Stored items:

◇ ◇ ◇ ◇

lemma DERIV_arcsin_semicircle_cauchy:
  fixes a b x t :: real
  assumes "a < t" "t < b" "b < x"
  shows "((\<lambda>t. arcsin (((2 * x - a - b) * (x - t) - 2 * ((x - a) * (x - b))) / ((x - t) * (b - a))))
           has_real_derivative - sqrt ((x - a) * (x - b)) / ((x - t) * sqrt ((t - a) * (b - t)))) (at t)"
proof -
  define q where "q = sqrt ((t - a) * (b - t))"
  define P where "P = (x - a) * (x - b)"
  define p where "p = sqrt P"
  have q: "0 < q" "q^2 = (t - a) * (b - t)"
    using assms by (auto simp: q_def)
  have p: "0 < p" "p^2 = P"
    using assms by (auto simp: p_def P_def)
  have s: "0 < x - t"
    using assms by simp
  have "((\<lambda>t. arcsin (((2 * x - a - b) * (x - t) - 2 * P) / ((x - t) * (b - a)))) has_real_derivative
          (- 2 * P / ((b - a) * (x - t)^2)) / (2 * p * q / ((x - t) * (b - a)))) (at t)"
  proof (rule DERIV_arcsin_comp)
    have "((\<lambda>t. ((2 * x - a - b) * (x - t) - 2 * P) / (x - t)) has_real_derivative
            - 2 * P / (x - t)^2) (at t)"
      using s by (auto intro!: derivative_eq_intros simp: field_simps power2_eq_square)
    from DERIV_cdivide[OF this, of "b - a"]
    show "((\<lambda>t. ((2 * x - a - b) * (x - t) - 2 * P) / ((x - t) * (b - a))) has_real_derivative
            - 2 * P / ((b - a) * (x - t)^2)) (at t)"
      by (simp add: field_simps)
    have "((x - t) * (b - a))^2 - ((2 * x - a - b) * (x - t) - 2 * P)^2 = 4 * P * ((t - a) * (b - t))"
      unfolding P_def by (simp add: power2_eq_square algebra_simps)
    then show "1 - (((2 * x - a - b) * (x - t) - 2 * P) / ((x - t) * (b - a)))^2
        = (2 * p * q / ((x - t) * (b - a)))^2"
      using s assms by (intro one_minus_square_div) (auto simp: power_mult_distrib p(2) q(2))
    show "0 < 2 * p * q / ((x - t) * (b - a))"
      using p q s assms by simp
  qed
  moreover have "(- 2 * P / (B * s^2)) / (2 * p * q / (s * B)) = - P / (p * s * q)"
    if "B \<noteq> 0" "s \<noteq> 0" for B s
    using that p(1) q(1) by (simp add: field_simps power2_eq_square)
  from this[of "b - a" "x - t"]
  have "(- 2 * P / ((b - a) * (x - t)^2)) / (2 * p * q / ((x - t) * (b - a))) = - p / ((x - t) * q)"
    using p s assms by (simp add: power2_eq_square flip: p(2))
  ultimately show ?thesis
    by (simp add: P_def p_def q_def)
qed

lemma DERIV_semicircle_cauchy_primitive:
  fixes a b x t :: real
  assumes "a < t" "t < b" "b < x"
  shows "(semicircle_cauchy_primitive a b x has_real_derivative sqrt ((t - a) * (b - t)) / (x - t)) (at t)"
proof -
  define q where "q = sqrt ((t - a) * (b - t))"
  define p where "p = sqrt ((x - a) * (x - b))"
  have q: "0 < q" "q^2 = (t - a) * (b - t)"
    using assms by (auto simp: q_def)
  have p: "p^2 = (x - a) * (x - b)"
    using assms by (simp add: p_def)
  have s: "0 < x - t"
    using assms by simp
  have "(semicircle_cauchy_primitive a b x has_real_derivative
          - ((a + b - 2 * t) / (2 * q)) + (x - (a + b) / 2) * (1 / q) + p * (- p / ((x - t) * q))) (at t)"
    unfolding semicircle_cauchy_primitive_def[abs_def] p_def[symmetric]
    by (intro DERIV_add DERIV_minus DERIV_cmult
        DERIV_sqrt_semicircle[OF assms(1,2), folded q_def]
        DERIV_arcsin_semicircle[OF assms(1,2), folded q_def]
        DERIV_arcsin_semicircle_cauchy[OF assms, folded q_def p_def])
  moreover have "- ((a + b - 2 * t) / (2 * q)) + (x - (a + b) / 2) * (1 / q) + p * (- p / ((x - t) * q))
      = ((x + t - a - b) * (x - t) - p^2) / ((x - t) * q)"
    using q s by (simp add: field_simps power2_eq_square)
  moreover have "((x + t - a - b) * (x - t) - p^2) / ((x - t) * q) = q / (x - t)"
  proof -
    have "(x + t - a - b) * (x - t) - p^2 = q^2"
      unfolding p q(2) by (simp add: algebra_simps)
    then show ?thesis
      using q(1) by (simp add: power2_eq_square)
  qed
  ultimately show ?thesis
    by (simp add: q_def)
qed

◇ ◇ ◇ ◇

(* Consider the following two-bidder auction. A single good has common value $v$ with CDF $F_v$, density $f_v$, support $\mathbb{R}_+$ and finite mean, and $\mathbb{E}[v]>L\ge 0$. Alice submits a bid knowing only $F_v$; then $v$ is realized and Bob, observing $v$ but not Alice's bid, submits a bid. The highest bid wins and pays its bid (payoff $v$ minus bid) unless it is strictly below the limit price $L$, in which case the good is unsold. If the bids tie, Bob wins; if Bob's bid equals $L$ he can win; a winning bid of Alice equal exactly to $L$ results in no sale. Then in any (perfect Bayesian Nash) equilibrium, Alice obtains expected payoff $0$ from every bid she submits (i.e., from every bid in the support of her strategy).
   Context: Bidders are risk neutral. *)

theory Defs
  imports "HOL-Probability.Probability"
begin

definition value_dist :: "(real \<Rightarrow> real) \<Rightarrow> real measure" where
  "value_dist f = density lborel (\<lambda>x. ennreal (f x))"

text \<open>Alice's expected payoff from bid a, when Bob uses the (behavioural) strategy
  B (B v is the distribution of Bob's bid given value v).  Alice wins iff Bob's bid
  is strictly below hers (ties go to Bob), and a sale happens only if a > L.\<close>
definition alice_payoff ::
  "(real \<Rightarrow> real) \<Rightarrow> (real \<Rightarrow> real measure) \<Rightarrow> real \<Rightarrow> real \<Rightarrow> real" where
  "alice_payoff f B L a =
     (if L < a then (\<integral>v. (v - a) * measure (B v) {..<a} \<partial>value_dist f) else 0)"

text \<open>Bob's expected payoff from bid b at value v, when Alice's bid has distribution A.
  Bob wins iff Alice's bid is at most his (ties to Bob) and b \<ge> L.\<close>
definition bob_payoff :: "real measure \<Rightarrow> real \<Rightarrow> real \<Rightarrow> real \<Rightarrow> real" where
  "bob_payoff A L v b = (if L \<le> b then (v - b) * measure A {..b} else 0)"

◇ ◇ ◇ ◇

Count each line of the entries that holds the word "lambda", then state the total and nothing more.

TASK RESPONSE: 5